Shortest common supersequence

From Wikipedia, the free encyclopedia

This shortest common supersequence problem is closely related to the lcs (longest common subsequence problem). Again, assume that two sequences X = < x₁,...,x_m > and Y = < y₁,...,y_n > are given.

A sequence U = < u₁,...,u_k > is a common supersequence of X and Y if U is a supersequence of both X and Y.

The shortest common supersequence (scs) is a common supersequence of minimal length. In the shortest common supersequence problem, the two sequences X and Y are given and the task is to find a shortest possible common supersequence of these sequences. In general, the scs is not unique.

For two input sequences, a scs can be formed from a lcs easily. For example, if X $[1.. m] = a b c b d a b$ and Y $[1.. n] = b d c a b a$ , the lcs is Z $[1.. r] = b c b a$ . By inserting the non-lcs symbols while preserving the symbol order, we get the scs: U $[1.. t] = a b d c a b d a b$ .

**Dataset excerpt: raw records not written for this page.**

lemma cosh_le_exp_half_square: "cosh x \<le> exp (x\<^sup>2 / 2 :: real)"
proof (rule sums_le[OF _ cosh_sums_even exp_sums])
  fix k
  have "x ^ (2 * k) / fact (2 * k) \<le> x ^ (2 * k) / (2 ^ k * fact k)"
    by (intro divide_left_mono two_power_mult_fact_le_fact_double) (auto simp: zero_le_even_power)
  then show "x ^ (2 * k) / fact (2 * k) \<le> (x\<^sup>2 / 2) ^ k / fact k"
    by (simp add: power_mult power_divide)
qed

lemma one_plus_half_square_le_cosh: "1 + x\<^sup>2 / 2 \<le> cosh (x :: real)"
proof -
  have "(\<Sum>k<2. x ^ (2 * k) / fact (2 * k)) \<le> (\<Sum>k. x ^ (2 * k) / fact (2 * k))"
    using cosh_sums_even[of x] by (intro sum_le_suminf) (auto simp: sums_iff zero_le_even_power)
  then show ?thesis
    using cosh_sums_even[of x] by (simp add: numeral_2_eq_2 sums_iff)
qed

lemma convex_on_cosh_sqrt: "convex_on {0..} (\<lambda>y. cosh (\<theta> * sqrt y))"
proof (rule convex_onI)
  fix u y z :: real
  assume u: "0 < u" "u < 1" and yz: "y \<in> {0..}" "z \<in> {0..}"
  have series: "(\<lambda>k. \<theta> ^ (2 * k) * w ^ k / fact (2 * k)) sums cosh (\<theta> * sqrt w)" if "0 \<le> w" for w
    using cosh_sums_even[of "\<theta> * sqrt w"] that by (simp add: power_mult_distrib power_mult)
  have power_convex: "((1 - u) * y + u * z) ^ k \<le> (1 - u) * y ^ k + u * z ^ k" for k
  proof -
    have "convex_on {0..} (\<lambda>w::real. w ^ k)"
      by (cases "even k") (auto intro: convex_on_subset[OF convex_power_even] convex_power_odd)
    then show ?thesis
      using convex_onD[of "{0..}" "\<lambda>w::real. w ^ k" u y z] u yz by simp
  qed
  show "cosh (\<theta> * sqrt ((1 - u) *\<^sub>R y + u *\<^sub>R z)) \<le> (1 - u) * cosh (\<theta> * sqrt y) + u * cosh (\<theta> * sqrt z)"
  proof (rule sums_le[OF _ series sums_add[OF sums_mult[OF series] sums_mult[OF series]]])
    fix k
    have "\<theta> ^ (2 * k) * ((1 - u) * y + u * z) ^ k \<le> \<theta> ^ (2 * k) * ((1 - u) * y ^ k + u * z ^ k)"
      by (intro mult_left_mono power_convex) (auto simp: zero_le_even_power)
    then show "\<theta> ^ (2 * k) * ((1 - u) *\<^sub>R y + u *\<^sub>R z) ^ k / fact (2 * k)
        \<le> (1 - u) * (\<theta> ^ (2 * k) * y ^ k / fact (2 * k)) + u * (\<theta> ^ (2 * k) * z ^ k / fact (2 * k))"
      by (simp add: divide_right_mono add_divide_distrib[symmetric] algebra_simps)
  qed (use u yz in auto)
qed simp

lemma exp_le_inverse_one_minus: "x < 1 \<Longrightarrow> exp x \<le> 1 / (1 - x :: real)"
  using exp_ge_add_one_self[of "- x"] by (simp add: exp_minus field_simps)

lemma exp_square_le_one_plus_square:
  assumes "0 \<le> r" "r \<le> 1 / 2"
  shows "exp (r\<^sup>2) \<le> (1 + r :: real)\<^sup>2"
proof -
  have r2: "r * r \<le> 1 / 4"
    using mult_mono[OF assms(2) assms(2)] assms by simp
  then have "r * (r * r) \<le> 1 / 8"
    using mult_mono[OF assms(2) r2] assms by simp
  then have "0 \<le> r * (2 - 2 * (r * r) - r * (r * r))"
    using r2 assms by (intro mult_nonneg_nonneg) auto
  then have "1 \<le> (1 + r)\<^sup>2 * (1 - r\<^sup>2)"
    by (simp add: power2_eq_square algebra_simps)
  moreover have "r\<^sup>2 < 1"
    using r2 by (simp add: power2_eq_square)
  ultimately have "1 / (1 - r\<^sup>2) \<le> (1 + r)\<^sup>2"
    by (simp add: divide_le_eq)
  with exp_le_inverse_one_minus[OF \<open>r\<^sup>2 < 1\<close>] show ?thesis
    by linarith
qed

lemma cosh_abs_mono: "\<bar>x\<bar> \<le> \<bar>y\<bar> \<Longrightarrow> cosh x \<le> cosh (y :: real)"
  using cosh_real_nonneg_le_iff[of "\<bar>x\<bar>" "\<bar>y\<bar>"] by simp

lemma borel_measurable_cosh [measurable (raw)]:
  "f \<in> borel_measurable M \<Longrightarrow> (\<lambda>x. cosh (f x :: real)) \<in> borel_measurable M"
  by (simp add: cosh_def)

lemma ennreal_two_cosh: "ennreal (2 * cosh x) = ennreal (exp x) + ennreal (exp (- x :: real))"
proof -
  have "2 * cosh x = exp x + exp (- x)"
    by (simp add: cosh_field_def)
  then show ?thesis
    by (simp add: ennreal_plus)
qed

lemma exp_half_mult_exp_eighth_power_le:
  fixes x :: real
  assumes "n > 0" "x \<ge> 0"
  shows "exp (x / (2 * real n)) * exp (x / (8 * real n)) ^ (n - 1) \<le> exp (x / 2)"
proof -
  have "x / (2 * real n) + real (n - 1) * (x / (8 * real n)) = x * ((real n + 3) / (8 * real n))"
    using assms by (simp add: of_nat_diff field_simps)
  also have "\<dots> \<le> x * (1 / 2)"
    using assms by (intro mult_left_mono) (auto simp: field_simps)
  finally show ?thesis
    by (simp add: exp_of_nat_mult[symmetric] exp_add[symmetric])
qed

It is quite clear that $r + t = m + n$ for two input sequences. However, for three or more input sequences this does not hold. Note also, that the lcs and the scs problems are not dual problems.

[edit] References

Michael R. Garey and David S. Johnson (1979). Computers and Intractability: A Guide to the Theory of NP-Completeness. W.H. Freeman. ISBN 0-7167-1045-5. A4.2: SR8, pg.228.